(Your goal):
Look through the listing below and report every line that contains "obtain".
====
(* Let $d$ be a non-negative integer, $Z$ a finite abelian group, $\mu$ the Haar probability measure on $\mathbb{T}^d\times Z$, and $\alpha$ a real number. Let $A,B$ be closed subsets of $\mathbb{T}^d\times Z$ satisfying $0<\mu(A+B)\leq\alpha\,\mu(A)$. For each positive integer $n$ let $A_n=A+\big([-\tfrac1n,\tfrac1n]^d\times\{0_Z\}\big)$. Then for every $\epsilon>0$, for every sufficiently large $n\in\mathbb{N}$ there exists a non-empty closed subset $A_n'\subset A_n$ such that for every $m\in\mathbb{N}$ we have $\mu(A_n'+mB)\leq (1+\epsilon)^m\alpha^m\mu(A_n')$.
   Context: $\mathbb{T}=\mathbb{R}/\mathbb{Z}$, identified as a set with $[0,1)$ (so $[-\tfrac1n,\tfrac1n]$ denotes its image in $\mathbb{T}$). $mB=\{b_1+\dots+b_m:b_i\in B\}$. *)

theory Defs
  imports "HOL-Analysis.Analysis" "HOL-Probability.Probability"
begin

text \<open>The torus T^d, with T = R/Z identified with [0,1). Points of T^d are
  represented as extensional functions on the index set {..<d} with values in [0,1)
  (this allows d = 0, where T^0 is a single point).\<close>

definition torus :: "nat \<Rightarrow> (nat \<Rightarrow> real) set" where
  "torus d = PiE {..<d} (\<lambda>_. {0..<1})"

definition tproj :: "nat \<Rightarrow> (nat \<Rightarrow> real) \<Rightarrow> (nat \<Rightarrow> real)" where
  "tproj d v = (\<lambda>i\<in>{..<d}. frac (v i))"

definition gadd :: "nat \<Rightarrow> (nat \<Rightarrow> real) \<times> 'z::ab_group_add \<Rightarrow> (nat \<Rightarrow> real) \<times> 'z \<Rightarrow> (nat \<Rightarrow> real) \<times> 'z" where
  "gadd d p q = (tproj d (\<lambda>i. fst p i + fst q i), snd p + snd q)"

definition gzero :: "nat \<Rightarrow> (nat \<Rightarrow> real) \<times> 'z::ab_group_add" where
  "gzero d = (tproj d (\<lambda>_. 0), 0)"

definition sumset :: "nat \<Rightarrow> ((nat \<Rightarrow> real) \<times> 'z::ab_group_add) set \<Rightarrow> ((nat \<Rightarrow> real) \<times> 'z) set \<Rightarrow> ((nat \<Rightarrow> real) \<times> 'z) set" where
  "sumset d A B = {gadd d a b | a b. a \<in> A \<and> b \<in> B}"

fun msumset :: "nat \<Rightarrow> nat \<Rightarrow> ((nat \<Rightarrow> real) \<times> 'z::ab_group_add) set \<Rightarrow> ((nat \<Rightarrow> real) \<times> 'z) set" where
  "msumset d 0 B = {gzero d}"
| "msumset d (Suc m) B = sumset d (msumset d m B) B"

definition haar :: "nat \<Rightarrow> ((nat \<Rightarrow> real) \<times> 'z::{ab_group_add,finite}) measure" where
  "haar d = (PiM {..<d} (\<lambda>_. restrict_space lborel {0..<1::real}))
              \<Otimes>\<^sub>M uniform_count_measure (UNIV :: 'z set)"

text \<open>Closed subsets of T^d \<times> Z (quotient topology on T^d, discrete topology on Z):
  S is closed iff for every z, the preimage in R^d of the fibre over z is closed.
  R^d is realised as the closed subspace {v. \<forall>i\<ge>d. v i = 0} of nat \<Rightarrow> real
  (product topology), on which the topology is the Euclidean one.\<close>
definition tclosed :: "nat \<Rightarrow> ((nat \<Rightarrow> real) \<times> 'z::ab_group_add) set \<Rightarrow> bool" where
  "tclosed d S \<longleftrightarrow> S \<subseteq> torus d \<times> UNIV \<and>
     (\<forall>z. closed {v :: nat \<Rightarrow> real. (\<forall>i\<ge>d. v i = 0) \<and> (tproj d v, z) \<in> S})"

definition cube :: "nat \<Rightarrow> nat \<Rightarrow> ((nat \<Rightarrow> real) \<times> 'z::ab_group_add) set" where
  "cube d n = {(tproj d v, 0) | v. \<forall>i<d. \<bar>v i\<bar> \<le> 1 / real n}"

end

theory Submission
  imports Defs "HOL-Algebra.Coset"
begin

text \<open>
  Round \<open>A\<close> and \<open>B\<close> down to the grid of mesh \<open>1/k\<close> in \<open>T\<^sup>d\<close>. Let \<open>D\<close> be the rounded \<open>A\<close>, and
  \<open>B\<^sub>k\<close> the rounded \<open>B\<close> plus the corners \<open>{0, 1/k}\<^sup>d\<close> of the cell \<open>[0, 1/k]\<^sup>d\<close>: the corners
  absorb the carries in cell + cell, so that \<open>(X + cell) + mB \<subseteq> (X + mB\<^sub>k) + cell\<close> for every set
  \<open>X\<close> of grid points. Measures of unions of grid cells are, up to the volume of one cell, counts
  of grid points. Hence Plunnecke's inequality in Petridis' form, applied to the finite sets
  \<open>D\<close> and \<open>B\<^sub>k\<close>, gives a non-empty \<open>X \<subseteq> D\<close> with
  \<open>\<mu>((X + cell) + mB) \<le> K\<^sup>m \<mu>(X + cell)\<close>, where \<open>K = |D + B\<^sub>k| / |D|\<close>. Since \<open>D + B\<^sub>k + cell\<close>
  lies in the \<open>4/k\<close>-neighbourhood of \<open>A + B\<close>, and these neighbourhoods shrink to the closed set
  \<open>A + B\<close>, we get \<open>K \<le> (1 + \<epsilon>) \<mu>(A + B) / \<mu>(A) \<le> (1 + \<epsilon>) \<alpha>\<close> for large \<open>k\<close>. The set
  \<open>A' = X + cell\<close> is closed and lies in the \<open>2/k\<close>-neighbourhood of \<open>A\<close>, which is \<open>A\<^sub>n\<close> for \<open>k = 2n\<close>.
\<close>

subsection \<open>Plunnecke's inequality in abelian groups\<close>

primrec set_mult_power :: "('a, 'b) monoid_scheme \<Rightarrow> nat \<Rightarrow> 'a set \<Rightarrow> 'a set" where
  "set_mult_power G 0 B = {\<one>\<^bsub>G\<^esub>}"
| "set_mult_power G (Suc m) B = set_mult_power G m B <#>\<^bsub>G\<^esub> B"

lemma finite_set_mult: "finite X \<Longrightarrow> finite Y \<Longrightarrow> finite (X <#>\<^bsub>G\<^esub> Y)"
  unfolding set_mult_def by blast

context comm_group
begin

lemma set_mult_comm:
  assumes "X \<subseteq> carrier G" "Y \<subseteq> carrier G"
  shows "X <#> Y = Y <#> X"
  using assms unfolding set_mult_def by (auto; metis m_comm subsetD)

lemma card_set_mult_singleton:
  assumes "X \<subseteq> carrier G" "c \<in> carrier G"
  shows "card (X <#> {c}) = card X"
proof -
  have "X <#> {c} = (\<lambda>x. x \<otimes> c) ` X"
    by (auto simp: set_mult_def)
  then show ?thesis
    by (simp add: card_image inj_on_g[OF assms])
qed

lemma set_mult_power_closed: "B \<subseteq> carrier G \<Longrightarrow> set_mult_power G m B \<subseteq> carrier G"
  by (induction m) (simp_all add: set_mult_closed)

lemma finite_set_mult_power: "finite B \<Longrightarrow> finite (set_mult_power G m B)"
  by (induction m) (simp_all add: finite_set_mult)

lemma card_set_mult_insert:
  assumes S: "finite S" "S \<subseteq> carrier G" and C: "finite C" and c: "c \<in> carrier G"
  shows "card (S <#> insert c C) + card {s \<in> S. s \<otimes> c \<in> S <#> C} = card (S <#> C) + card S"
proof -
  define Z where "Z = {s \<in> S. s \<otimes> c \<in> S <#> C}"
  have Z: "Z \<subseteq> S" "finite Z"
    using S(1) by (auto simp: Z_def)
  have split: "S <#> insert c C = (S <#> C) \<union> ((S - Z) <#> {c})"
    by (auto simp: set_mult_def Z_def)
  have disjoint: "(S <#> C) \<inter> ((S - Z) <#> {c}) = {}"
    by (auto simp: set_mult_def Z_def)
  have "card ((S - Z) <#> {c}) = card S - card Z"
    using Z S c by (subst card_set_mult_singleton) (auto simp: card_Diff_subset)
  then have "card (S <#> insert c C) = card (S <#> C) + (card S - card Z)"
    unfolding split using S C disjoint by (simp add: card_Un_disjoint finite_set_mult)
  then show ?thesis
    using card_mono[OF S(1) Z(1)] by (simp add: Z_def)
qed

lemma card_set_mult_insert_le:
  assumes S: "finite S" "S \<subseteq> carrier G" and C: "finite C" and c: "c \<in> carrier G"
    and W: "W \<subseteq> S" "W <#> {c} \<subseteq> S <#> C"
  shows "card (S <#> insert c C) + card W \<le> card (S <#> C) + card S"
proof -
  have "w \<otimes> c \<in> S <#> C" if "w \<in> W" for w
    using W(2) that unfolding set_mult_def by blast
  then have "W \<subseteq> {s \<in> S. s \<otimes> c \<in> S <#> C}"
    using W(1) by blast
  then have "card W \<le> card {s \<in> S. s \<otimes> c \<in> S <#> C}"
    using S(1) by (intro card_mono) auto
  then show ?thesis
    using card_set_mult_insert[OF S C c] by linarith
qed

lemma singleton_set_mult_subset:
  assumes G: "x \<in> carrier G" "c \<in> carrier G" "B \<subseteq> carrier G" "X \<subseteq> carrier G" "C \<subseteq> carrier G"
    and "x \<otimes> c \<in> X <#> C"
  shows "{x} <#> B <#> {c} \<subseteq> X <#> B <#> C"
proof
  fix y assume "y \<in> {x} <#> B <#> {c}"
  then obtain b where b: "b \<in> B" and y: "y = x \<otimes> b \<otimes> c"
    by (auto simp: set_mult_def)
  obtain x' c' where x': "x' \<in> X" "c' \<in> C" "x \<otimes> c = x' \<otimes> c'"
    using assms(6) by (auto simp: set_mult_def)
  have carrier: "b \<in> carrier G" "x' \<in> carrier G" "c' \<in> carrier G"
    using b x' G by auto
  have "y = (x \<otimes> c) \<otimes> b"
    using G(1,2) carrier unfolding y by (simp add: m_ac)
  also have "\<dots> = (x' \<otimes> b) \<otimes> c'"
    using carrier by (simp add: x'(3) m_ac)
  finally show "y \<in> X <#> B <#> C"
    using x' b unfolding set_mult_def by blast
qed

lemma petridis:
  assumes X: "finite X" "X \<subseteq> carrier G" and B: "finite B" "B \<subseteq> carrier G"
    and minimal: "\<And>Y. Y \<subseteq> X \<Longrightarrow> Y \<noteq> {} \<Longrightarrow> card (X <#> B) * card Y \<le> card (Y <#> B) * card X"
    and C: "finite C" "C \<subseteq> carrier G"
  shows "card (X <#> B <#> C) * card X \<le> card (X <#> B) * card (X <#> C)"
  using C
proof (induction C rule: finite_induct)
  case empty
  then show ?case by (simp add: set_mult_def)
next
  case (insert c C)
  let ?XB = "X <#> B"
  define Y where "Y = {x \<in> X. {x} <#> B <#> {c} \<subseteq> ?XB <#> C}"
  define Z where "Z = {x \<in> X. x \<otimes> c \<in> X <#> C}"
  have c: "c \<in> carrier G" and CG: "C \<subseteq> carrier G"
    using insert.prems by auto
  have XB: "finite ?XB" "?XB \<subseteq> carrier G"
    using X B by (simp_all add: finite_set_mult set_mult_closed)
  have Y: "Y \<subseteq> X" "finite Y"
    using X(1) by (auto simp: Y_def)
  have "Z \<subseteq> Y"
    using singleton_set_mult_subset[OF _ c B(2) X(2) CG] X(2) by (auto simp: Y_def Z_def)
  then have ZY: "card Z \<le> card Y"
    using Y(2) card_mono by blast
  have "Y <#> B <#> {c} \<subseteq> ?XB <#> C"
  proof
    fix s assume "s \<in> Y <#> B <#> {c}"
    then obtain y b where "y \<in> Y" "b \<in> B" "s = y \<otimes> b \<otimes> c"
      by (auto simp: set_mult_def)
    then have "s \<in> {y} <#> B <#> {c}" "{y} <#> B <#> {c} \<subseteq> ?XB <#> C"
      by (auto simp: Y_def set_mult_def)
    then show "s \<in> ?XB <#> C"
      by blast
  qed
  then have grow_XB: "card (?XB <#> insert c C) + card (Y <#> B) \<le> card (?XB <#> C) + card ?XB"
    by (rule card_set_mult_insert_le[OF XB insert.hyps(1) c mono_set_mult[OF Y(1) order_refl]])
  have grow_X: "card (X <#> insert c C) + card Z = card (X <#> C) + card X"
    unfolding Z_def by (rule card_set_mult_insert[OF X insert.hyps(1) c])
  have IH: "card (?XB <#> C) * card X \<le> card ?XB * card (X <#> C)"
    using insert.IH CG by simp
  have minY: "card ?XB * card Y \<le> card (Y <#> B) * card X"
    using minimal[OF Y(1)] by (cases "Y = {}") auto
  have "card (?XB <#> insert c C) * card X + card (Y <#> B) * card X
      \<le> card (?XB <#> C) * card X + card ?XB * card X"
    using mult_right_mono[OF grow_XB, of "card X"] by (simp add: algebra_simps)
  also have "\<dots> \<le> card ?XB * (card (X <#> C) + card X)"
    using IH by (simp add: algebra_simps)
  also have "\<dots> = card ?XB * card (X <#> insert c C) + card ?XB * card Z"
    by (simp only: grow_X[symmetric] add_mult_distrib2)
  also have "\<dots> \<le> card ?XB * card (X <#> insert c C) + card (Y <#> B) * card X"
    using mult_left_mono[OF ZY, of "card ?XB"] minY by linarith
  finally show ?case
    by simp
qed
====
(Exercise answer):
  then obtain b where b: "b \<in> B" and y: "y = x \<otimes> b \<otimes> c"
  obtain x' c' where x': "x' \<in> X" "c' \<in> C" "x \<otimes> c = x' \<otimes> c'"
    then obtain y b where "y \<in> Y" "b \<in> B" "s = y \<otimes> b \<otimes> c"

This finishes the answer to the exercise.